Minnesota food shelves will halt distribution of venison donated by hunters after lead particles were discovered in ground venison at North Dakota food shelves.
Authorities urged that any donated meat that had already left the food shelves not be eaten.
The Minnesota venison will be tested for lead fragments.
Hunters donated about 78,000 pounds of venison last fall, the first year of the statewide program paid for by the state and hunter donations. Officials said they don't know how much already has been consumed.
Minnesota officials took the action after the North Dakota Department of Health told food pantries there Wednesday to throw out 4,000 to 5,000 pounds of donated venison after a physician found lead bullet fragments in 60 percent of the samples tested. Another 12,000 pounds of venison already has been distributed.

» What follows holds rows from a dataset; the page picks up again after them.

(* Let $k\ge 2$ and $b>0$. There exists a constant $c>0$ depending only on $k$ and $b$ such that for every finite set $Z$ and every $S\subseteq\{0,1,\dots,k\}^Z$ with $F_S\ge k^{b|Z|}$, there exists $W\subseteq Z$ with $|W|\ge c|Z|$ and $S|_W\supseteq\{1,\dots,k\}^W$.
   Context: For a finite set $Z$, let ${\mathcal U}$ be the cover of $\{0,1,\dots,k\}^Z$ consisting of all sets of the form $\prod_{z\in Z}\{i_z\}^{\rm c}$ (complement taken in $\{0,1,\dots,k\}$) with $1\le i_z\le k$ for each $z\in Z$. For $S\subseteq\{0,1,\dots,k\}^Z$, $F_S$ denotes the minimal number of sets in ${\mathcal U}$ needed to cover $S$. $S|_W$ denotes the set of restrictions to $W$ of the elements of $S$. *)

theory Defs
  imports "HOL-Analysis.Analysis"
begin

definition cube :: "nat \<Rightarrow> 'a set \<Rightarrow> ('a \<Rightarrow> nat) set" where
  "cube k Z = PiE Z (\<lambda>_. {0..k})"

definition cover_set :: "nat \<Rightarrow> 'a set \<Rightarrow> ('a \<Rightarrow> nat) \<Rightarrow> ('a \<Rightarrow> nat) set" where
  "cover_set k Z i = PiE Z (\<lambda>z. {0..k} - {i z})"

definition cover_U :: "nat \<Rightarrow> 'a set \<Rightarrow> ('a \<Rightarrow> nat) set set" where
  "cover_U k Z = cover_set k Z ` PiE Z (\<lambda>_. {1..k})"

definition F_num :: "nat \<Rightarrow> 'a set \<Rightarrow> ('a \<Rightarrow> nat) set \<Rightarrow> nat" where
  "F_num k Z S = (LEAST n. \<exists>\<V>. \<V> \<subseteq> cover_U k Z \<and> finite \<V> \<and> card \<V> = n \<and> S \<subseteq> \<Union>\<V>)"
lemma left_continuous_t_norm_le_at_left:
  assumes lc: "left_continuous_t_norm T" and x: "x \<in> {0..1}" and c: "c \<in> {0<..1}"
    and below: "\<And>z. 0 < z \<Longrightarrow> z < c \<Longrightarrow> T x z \<le> y"
  shows "T x c \<le> y"
proof -
  note T = left_continuous_t_norm_imp_t_norm[OF lc]
  have lim: "((\<lambda>z. T z x) \<longlongrightarrow> T c x) (at_left c)"
    using lc x c unfolding left_continuous_t_norm_def by auto
  have "0 < c" using c by simp
  have "eventually (\<lambda>z. T z x \<le> y) (at_left c)"
    unfolding eventually_at_left[OF \<open>0 < c\<close>]
  proof (intro exI[of _ 0] conjI allI impI \<open>0 < c\<close>)
    fix z assume "0 < z" "z < c"
    then show "T z x \<le> y" using below t_norm_commute[OF T, of z x] x c by simp
  qed
  then have "T c x \<le> y" by (rule tendsto_upperbound[OF lim]) simp
  then show ?thesis using t_norm_commute[OF T x, of c] c by simp
qed

lemma residual_implicator_range:
  assumes T: "t_norm T" and x: "x \<in> {0..1}" and y: "y \<in> {0..1}"
  shows "residual_implicator T x y \<in> {0..1}"
proof -
  have "0 \<in> {b \<in> {0..1}. T x b \<le> y}" using t_norm_zero_right[OF T x] y by simp
  then have "0 \<le> Sup {b \<in> {0..1}. T x b \<le> y}" and "Sup {b \<in> {0..1}. T x b \<le> y} \<le> 1"
    by (auto intro!: cSup_upper cSup_least bdd_aboveI[where M = 1])
  then show ?thesis unfolding residual_implicator_def by simp
qed

lemma residual_implicator_upper:
  assumes "b \<in> {0..1}" "T x b \<le> y"
  shows "b \<le> residual_implicator T x y"
  unfolding residual_implicator_def using assms by (intro cSup_upper) (auto intro: bdd_aboveI[where M = 1])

The doctor, William Cornatzer of Bismarck, N.D. -- an avid big-game hunter -- said hunters should reconsider eating any deer or big game shot with lead bullets from high-powered rifles.

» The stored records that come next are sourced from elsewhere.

lemma emeasure_cball_eq_nn_integral:
  assumes "sets \<nu> = sets borel"
  shows "emeasure \<nu> (cball y \<delta>) = (\<integral>\<^sup>+w. indicator (cball w \<delta>) y \<partial>\<nu>)"
proof -
  have "(\<integral>\<^sup>+w. indicator (cball w \<delta>) y \<partial>\<nu>) = (\<integral>\<^sup>+w. indicator (cball y \<delta>) w \<partial>\<nu>)"
    by (intro nn_integral_cong) (simp add: indicator_def dist_commute)
  then show ?thesis using assms by simp
qed

lemma borel_measurable_indicator_cball_pair:
  assumes "sets \<mu> = sets borel" "sets \<nu> = sets borel"
  shows "(\<lambda>(y, w). indicator (cball w \<delta>) y :: ennreal)
    \<in> borel_measurable (\<mu> \<Otimes>\<^sub>M (\<nu> :: 'a::euclidean_space measure))"
  unfolding measurable_cong_sets[OF sets_pair_measure_cong[OF assms] refl]
  by (simp add: indicator_def mem_cball case_prod_beta')

lemma borel_measurable_emeasure_cball:
  fixes \<nu> :: "'a::euclidean_space measure"
  assumes "sigma_finite_measure \<nu>" "sets \<nu> = sets borel"
  shows "(\<lambda>y. emeasure \<nu> (cball y \<delta>)) \<in> borel_measurable borel"
proof -
  interpret sigma_finite_measure \<nu> by fact
  show ?thesis
    unfolding emeasure_cball_eq_nn_integral[OF assms(2)]
    using borel_measurable_indicator_cball_pair[OF sets_lborel assms(2), of \<delta>]
    by (simp add: measurable_cong_sets[OF sets_lborel refl])
qed

lemma nn_integral_cball_measure_energy_le:
  fixes \<mu> \<nu> :: "'a::euclidean_space measure"
  assumes "sigma_finite_measure \<mu>" and sets_\<mu>: "sets \<mu> = sets borel"
    and "prob_space \<nu>" and sets_\<nu>[measurable_cong]: "sets \<nu> = sets borel"
    and cballs: "\<And>w w'. cball_interaction \<mu> g \<delta> w w' \<le> ennreal K * singular_powr g (dist w w')"
    and potential: "\<And>w. (\<integral>\<^sup>+w'. singular_powr g (dist w w') \<partial>\<nu>) \<le> ennreal L"
    and "0 \<le> K" "0 \<le> L"
  shows "(\<integral>\<^sup>+y. \<integral>\<^sup>+z. emeasure \<nu> (cball y \<delta>) * emeasure \<nu> (cball z \<delta>)
    * singular_powr g (dist y z) \<partial>\<mu> \<partial>\<mu>) \<le> ennreal (K * L)"
proof -
  interpret prob_space \<nu> by fact
  have "(\<lambda>(y, w). indicator (cball w \<delta>) y :: ennreal) \<in> borel_measurable (\<mu> \<Otimes>\<^sub>M \<nu>)"
    using sets_\<mu> sets_\<nu> by (rule borel_measurable_indicator_cball_pair)
  moreover have "(\<lambda>(y, z). singular_powr g (dist y z)) \<in> borel_measurable (\<mu> \<Otimes>\<^sub>M \<mu>)"
    unfolding measurable_cong_sets[OF sets_pair_measure_cong[OF sets_\<mu> sets_\<mu>] refl]
    by measurable
  ultimately have "(\<integral>\<^sup>+y. \<integral>\<^sup>+z. emeasure \<nu> (cball y \<delta>) * emeasure \<nu> (cball z \<delta>)
      * singular_powr g (dist y z) \<partial>\<mu> \<partial>\<mu>)
      \<le> (\<integral>\<^sup>+w. \<integral>\<^sup>+w'. ennreal K * singular_powr g (dist w w') \<partial>\<nu> \<partial>\<nu>)"
    unfolding emeasure_cball_eq_nn_integral[OF sets_\<nu>]
    using assms cballs[unfolded cball_interaction_def] sigma_finite_measure_axioms
    by (intro nn_integral_smoothed_energy_le) auto
  also have "\<dots> \<le> (\<integral>\<^sup>+w. ennreal K * ennreal L \<partial>\<nu>)"
    using potential by (intro nn_integral_mono) (simp add: nn_integral_cmult mult_left_mono)
  also have "\<dots> = ennreal (K * L)"
    using \<open>0 \<le> K\<close> by (simp add: emeasure_space_1 ennreal_mult')
  finally show ?thesis .
qed

section \<open>The mollified Riesz potential\<close>

lemma smooth_fun_continuous: "smooth_fun f \<Longrightarrow> continuous_on UNIV f"
  by (auto elim: smooth_fun.cases
      intro: continuous_at_imp_continuous_on differentiable_imp_continuous_within)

Those bullets fragment on impact and can spread lead far beyond the entrance wounds, he said.
"This is very disturbing news that we found," Cornatzer said.
Deer killed with shotgun slugs or muzzleloader slugs shouldn't pose a problem because those slugs don't fragment, he said.

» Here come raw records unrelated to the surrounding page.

(* Under the setting of SPPM-LC (see context), assume each $f_\xi$ is differentiable and $\mu$-strongly convex ($\mu>0$), let $x_\star$ be the minimizer of $f=\mathbb{E}_{\xi\sim\mathcal{D}}[f_\xi]$, and suppose the $\sigma_k^2$-assumption holds. Then for every $\gamma>0$ and $k\ge0$, $$\mathbb{E}\|x_{k+1}-x_\star\|^2\le\frac{1+\gamma^2A_1}{(1+\gamma\mu)^2}\mathbb{E}\|x_k-x_\star\|^2+\frac{\gamma^2B_1}{(1+\gamma\mu)^2}\mathbb{E}[\sigma_k^2]+\frac{\gamma^2C_1}{(1+\gamma\mu)^2}.$$
   Context: Notation: $\operatorname{prox}_{\gamma\phi}(y):=\arg\min_{x\in\mathbb{R}^d}\{\phi(x)+\frac{1}{2\gamma}\|x-y\|^2\}$; $\nabla f(x)=\mathbb{E}_{\xi\sim\mathcal{D}}[\nabla f_\xi(x)]$. Algorithm SPPM-LC: parameters $\gamma>0$, $x_0\in\mathbb{R}^d$, $\phi_0\in\mathbb{R}^m$. For $k=0,1,\dots$: sample $\xi_k\sim\mathcal{D}$ independently of the past; form $h_k\in\mathbb{R}^d$ as a function of $x_k,\phi_k,\xi_k$; set $x_{k+1}=\operatorname{prox}_{\gamma f_{\xi_k}}(x_k+\gamma h_k)$; construct a new (possibly random) control vector $\phi_{k+1}\in\mathbb{R}^m$. $\sigma_k^2$-assumption: there exist $\sigma^2:\mathbb{R}^m\to\mathbb{R}_+$ and nonnegative constants $A_1,B_1,C_1,A_2,B_2,C_2$, $B_2<1$, such that with $\sigma_k^2:=\sigma^2(\phi_k)$: (i) $\mathbb{E}[h_k\mid x_k,\phi_k]=0$; (ii) $\mathbb{E}[\|h_k-\nabla f_{\xi_k}(x_\star)\|^2\mid x_k,\phi_k]\le A_1\|x_k-x_\star\|^2+B_1\sigma_k^2+C_1$; (iii) $\mathbb{E}[\sigma_{k+1}^2\mid x_{k+1},\phi_k]\le A_2\|x_{k+1}-x_\star\|^2+B_2\sigma_k^2+C_2$. *)

theory Defs
  imports "HOL-Analysis.Analysis" "HOL-Probability.Probability"
begin

definition prox :: "real \<Rightarrow> ('d::euclidean_space \<Rightarrow> real) \<Rightarrow> 'd \<Rightarrow> 'd" where
  "prox \<gamma> \<phi> y = (THE x. \<forall>z. \<phi> x + (norm (x - y))\<^sup>2 / (2 * \<gamma>) \<le> \<phi> z + (norm (z - y))\<^sup>2 / (2 * \<gamma>))"

definition strongly_convex :: "real \<Rightarrow> ('d::euclidean_space \<Rightarrow> real) \<Rightarrow> bool" where
  "strongly_convex \<mu> f \<longleftrightarrow> convex_on UNIV (\<lambda>x. f x - \<mu> / 2 * (norm x)\<^sup>2)"

definition gen_alg :: "'a measure \<Rightarrow> ('a \<Rightarrow> 'b::topological_space) \<Rightarrow> 'a measure" where
  "gen_alg M X = vimage_algebra (space M) X borel"

definition past_events ::
  "'a measure \<Rightarrow> 'e measure \<Rightarrow> (nat \<Rightarrow> 'a \<Rightarrow> 'd::topological_space) \<Rightarrow> (nat \<Rightarrow> 'a \<Rightarrow> 'm::topological_space)
     \<Rightarrow> (nat \<Rightarrow> 'a \<Rightarrow> 'e) \<Rightarrow> nat \<Rightarrow> 'a set set" where
  "past_events M D x \<phi> \<xi> k = sigma_sets (space M)
     ((\<Union>j\<le>k. {x j -` A \<inter> space M | A. A \<in> sets borel})
      \<union> (\<Union>j\<le>k. {\<phi> j -` A \<inter> space M | A. A \<in> sets borel})
      \<union> (\<Union>j<k. {\<xi> j -` A \<inter> space M | A. A \<in> sets D}))"

definition var_events :: "'a measure \<Rightarrow> 'e measure \<Rightarrow> ('a \<Rightarrow> 'e) \<Rightarrow> 'a set set" where
  "var_events M D X = {X -` A \<inter> space M | A. A \<in> sets D}"

end

theory Submission
  imports Defs
begin

text \<open>Since \<open>prox\<^sub>\<gamma>\<^sub>f(y) = z\<close> exactly when \<open>y = z + \<gamma>\<nabla>f(z)\<close>, \<open>\<mu>\<close>-strong convexity of \<open>f\<^sub>\<xi>\<close>
  (monotonicity of its gradient) gives the pointwise contraction
  \<open>(1 + \<gamma>\<mu>) \<parallel>x\<^sub>k\<^sub>+\<^sub>1 - x\<^sub>\<star>\<parallel> \<le> \<parallel>(x\<^sub>k - x\<^sub>\<star>) + \<gamma> (h\<^sub>k - \<nabla>f\<^sub>\<xi>\<^sub>k(x\<^sub>\<star>))\<parallel>\<close>.
  Expanding the square, the cross term has mean zero: \<open>x\<^sub>k - x\<^sub>\<star>\<close> is a function of \<open>(x\<^sub>k, \<phi>\<^sub>k)\<close>,
  given which \<open>h\<^sub>k\<close> has mean zero, while \<open>\<nabla>f\<^sub>\<xi>\<^sub>k(x\<^sub>\<star>)\<close> is independent of \<open>x\<^sub>k\<close> with mean
  \<open>\<nabla>f(x\<^sub>\<star>) = 0\<close>. The second moment of the noise \<open>h\<^sub>k - \<nabla>f\<^sub>\<xi>\<^sub>k(x\<^sub>\<star>)\<close> is then bounded by
  assumption (ii), integrated by the tower property.\<close>

lemma convex_on_has_derivative_ge:
  fixes g :: "'d::real_inner \<Rightarrow> real"
  assumes cv: "convex_on UNIV g" and dg: "(g has_derivative (\<lambda>v. d \<bullet> v)) (at x)"
  shows "g x + d \<bullet> (y - x) \<le> g y"
proof -
  define l where "l t = g (x + t *\<^sub>R (y - x))" for t :: real
  have "convex_on UNIV l"
  proof (rule convex_onI)
    fix t a b :: real assume t: "t > 0" "t < 1"
    have "x + ((1 - t) *\<^sub>R a + t *\<^sub>R b) *\<^sub>R (y - x)
        = (1 - t) *\<^sub>R (x + a *\<^sub>R (y - x)) + t *\<^sub>R (x + b *\<^sub>R (y - x))"
      by (simp add: algebra_simps)
    then show "l ((1 - t) *\<^sub>R a + t *\<^sub>R b) \<le> (1 - t) * l a + t * l b"
      unfolding l_def using convex_onD[OF cv, of t] t by auto
  qed simp
  moreover have "(l has_field_derivative (d \<bullet> (y - x))) (at 0)"
  proof -
    have "((\<lambda>t::real. x + t *\<^sub>R (y - x)) has_derivative (\<lambda>t. t *\<^sub>R (y - x))) (at 0)"
      by (intro derivative_eq_intros) auto
    from has_derivative_compose[OF this, of g "\<lambda>v. d \<bullet> v"] dg
    have "(l has_derivative (\<lambda>t. d \<bullet> (t *\<^sub>R (y - x)))) (at 0)"
      unfolding l_def by simp
    moreover have "(\<lambda>t. d \<bullet> (t *\<^sub>R (y - x))) = (*) (d \<bullet> (y - x))"
      by (auto simp: fun_eq_iff)
    ultimately show ?thesis
      unfolding has_field_derivative_def by simp
  qed
  ultimately have "d \<bullet> (y - x) \<le> l 1 - l 0"
    using convex_on_imp_above_tangent[where A = UNIV and c = 0 and x = 1] by simp
  then show ?thesis unfolding l_def by simp
qed

lemma strongly_convex_ge:
  fixes f :: "'d::euclidean_space \<Rightarrow> real"
  assumes sc: "strongly_convex \<mu> f" and gr: "\<And>x. (f has_derivative (\<lambda>v. gf x \<bullet> v)) (at x)"
  shows "f x + gf x \<bullet> (y - x) + \<mu> / 2 * (norm (y - x))\<^sup>2 \<le> f y"
proof -
  have cv: "convex_on UNIV (\<lambda>x. f x - \<mu> / 2 * (x \<bullet> x))"
    using sc unfolding strongly_convex_def by (simp add: power2_norm_eq_inner)
  have "((\<lambda>x. f x - \<mu> / 2 * (x \<bullet> x)) has_derivative
          (\<lambda>v. gf x \<bullet> v - \<mu> / 2 * (x \<bullet> v + v \<bullet> x))) (at x)"
    by (intro derivative_eq_intros) (auto intro: gr)
  moreover have "(\<lambda>v. gf x \<bullet> v - \<mu> / 2 * (x \<bullet> v + v \<bullet> x)) = (\<lambda>v. (gf x - \<mu> *\<^sub>R x) \<bullet> v)"
    by (auto simp: fun_eq_iff inner_diff_left inner_diff_right inner_commute)
  ultimately have "f x - \<mu> / 2 * (x \<bullet> x) + (gf x - \<mu> *\<^sub>R x) \<bullet> (y - x) \<le> f y - \<mu> / 2 * (y \<bullet> y)"
    using convex_on_has_derivative_ge[OF cv] by simp
  moreover have "(gf x - \<mu> *\<^sub>R x) \<bullet> (y - x) = gf x \<bullet> (y - x) - \<mu> * (x \<bullet> y) + \<mu> * (x \<bullet> x)"
    by (simp add: inner_diff_left inner_diff_right algebra_simps)
  moreover have "\<mu> / 2 * (norm (y - x))\<^sup>2 = \<mu> / 2 * (y \<bullet> y) - \<mu> * (x \<bullet> y) + \<mu> / 2 * (x \<bullet> x)"
    by (simp add: power2_norm_eq_inner inner_diff_left inner_diff_right inner_commute algebra_simps)
  ultimately show ?thesis by linarith
qed

lemma strongly_convex_gradient_monotone:
  fixes f :: "'d::euclidean_space \<Rightarrow> real"
  assumes sc: "strongly_convex \<mu> f" and gr: "\<And>x. (f has_derivative (\<lambda>v. gf x \<bullet> v)) (at x)"
  shows "\<mu> * (norm (x - y))\<^sup>2 \<le> (gf x - gf y) \<bullet> (x - y)"
  using strongly_convex_ge[OF sc gr, of x y] strongly_convex_ge[OF sc gr, of y x]
  by (simp add: norm_minus_commute inner_diff_left inner_diff_right algebra_simps)

lemma strongly_convex_outside_ball:
  fixes f :: "'d::euclidean_space \<Rightarrow> real"
  assumes sc: "strongly_convex \<mu> f" and gr: "\<And>x. (f has_derivative (\<lambda>v. gf x \<bullet> v)) (at x)"
    and \<mu>: "\<mu> > 0" and c: "c \<ge> 0" and z: "norm z > (2 * norm (gf 0) + 2 * c) / \<mu> + 1"
  shows "f 0 + c < f z"
proof -
  define G r where "G = norm (gf 0)" and "r = norm z"
  have "0 \<le> (2 * G + 2 * c) / \<mu>" using \<mu> c by (simp add: G_def)
  then have r1: "r \<ge> 1" using z by (simp add: r_def G_def)
  have "\<mu> / 2 * ((2 * G + 2 * c) / \<mu> + 1) \<le> \<mu> / 2 * r"
    using z \<mu> by (intro mult_left_mono) (auto simp: r_def G_def)
  moreover have "\<mu> / 2 * ((2 * G + 2 * c) / \<mu> + 1) = G + c + \<mu> / 2" using \<mu> by (simp add: field_simps)
  ultimately have h: "c + \<mu> / 2 \<le> \<mu> / 2 * r - G" by simp
  have "1 * (c + \<mu> / 2) \<le> r * (\<mu> / 2 * r - G)"
    by (rule mult_mono) (use r1 c \<mu> h in auto)
  then have "c < \<mu> / 2 * r\<^sup>2 - G * r" using \<mu> by (simp add: power2_eq_square algebra_simps)
  moreover have "- (G * r) \<le> gf 0 \<bullet> z"
    using norm_cauchy_schwarz[of "- gf 0" z] by (simp add: G_def r_def)
  moreover have "f 0 + gf 0 \<bullet> z + \<mu> / 2 * r\<^sup>2 \<le> f z"
    using strongly_convex_ge[OF sc gr, of 0 z] by (simp add: r_def)
  ultimately show ?thesis by linarith
qed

While the findings surprised state officials in North Dakota, Minnesota and Wisconsin, they also provoked some skepticism.
The National Shooting Sports Foundation, the trade association for the shooting, hunting and firearms industry, sharply criticized the North Dakota action.
"There is absolutely no peer-reviewed scientific evidence to support the unfortunate and unnecessary overreaction by health officials in North Dakota to have food pantries discard perfectly good meat because it was taken with traditional ammunition," the foundation said in a statement.
It said the decision "was based on a fundamental misunderstanding of the chemistry of lead and the human digestive system. The state is needlessly creating a scare upon hunters that has no basis in science."
In Wisconsin, the head of the venison-donation program expressed doubts, too.
"I thought it was preposterous that a bullet would leave that much residue," said Laurie Fike. "My feeling is the lead got in there some other way. I have a lot of questions."
She said state officials will discuss the situation today.
Wisconsin hunters donated 414,000 pounds of venison last fall to food shelves -- five times the amount in Minnesota. While Minnesota's program is new, Wisconsin's has been operating for years.
Cornatzer, 53, a dermatologist and professor at the University of North Dakota medical school in Grand Forks, said consuming lead is a problem.
"It's not rocket science, if you put it in your stomach, you absorb it," he said. "We know lead is a severe neurotoxin, especially in young children and women of child-bearing age."
"I'm a big-game hunter, and have been since I was 13," said Cornatzer, who has hunted deer, elk, antelope, caribou and musk-ox all over the world. "I'm eating this, and I fed this to my own children. This is terrible."
Concern began with condors
Cornatzer said he became concerned after hearing about possible lead fragments through his membership in the Peregrine Fund of Boise, Idaho, a group that promotes the conservation of birds of prey, including peregrine falcons and California condors.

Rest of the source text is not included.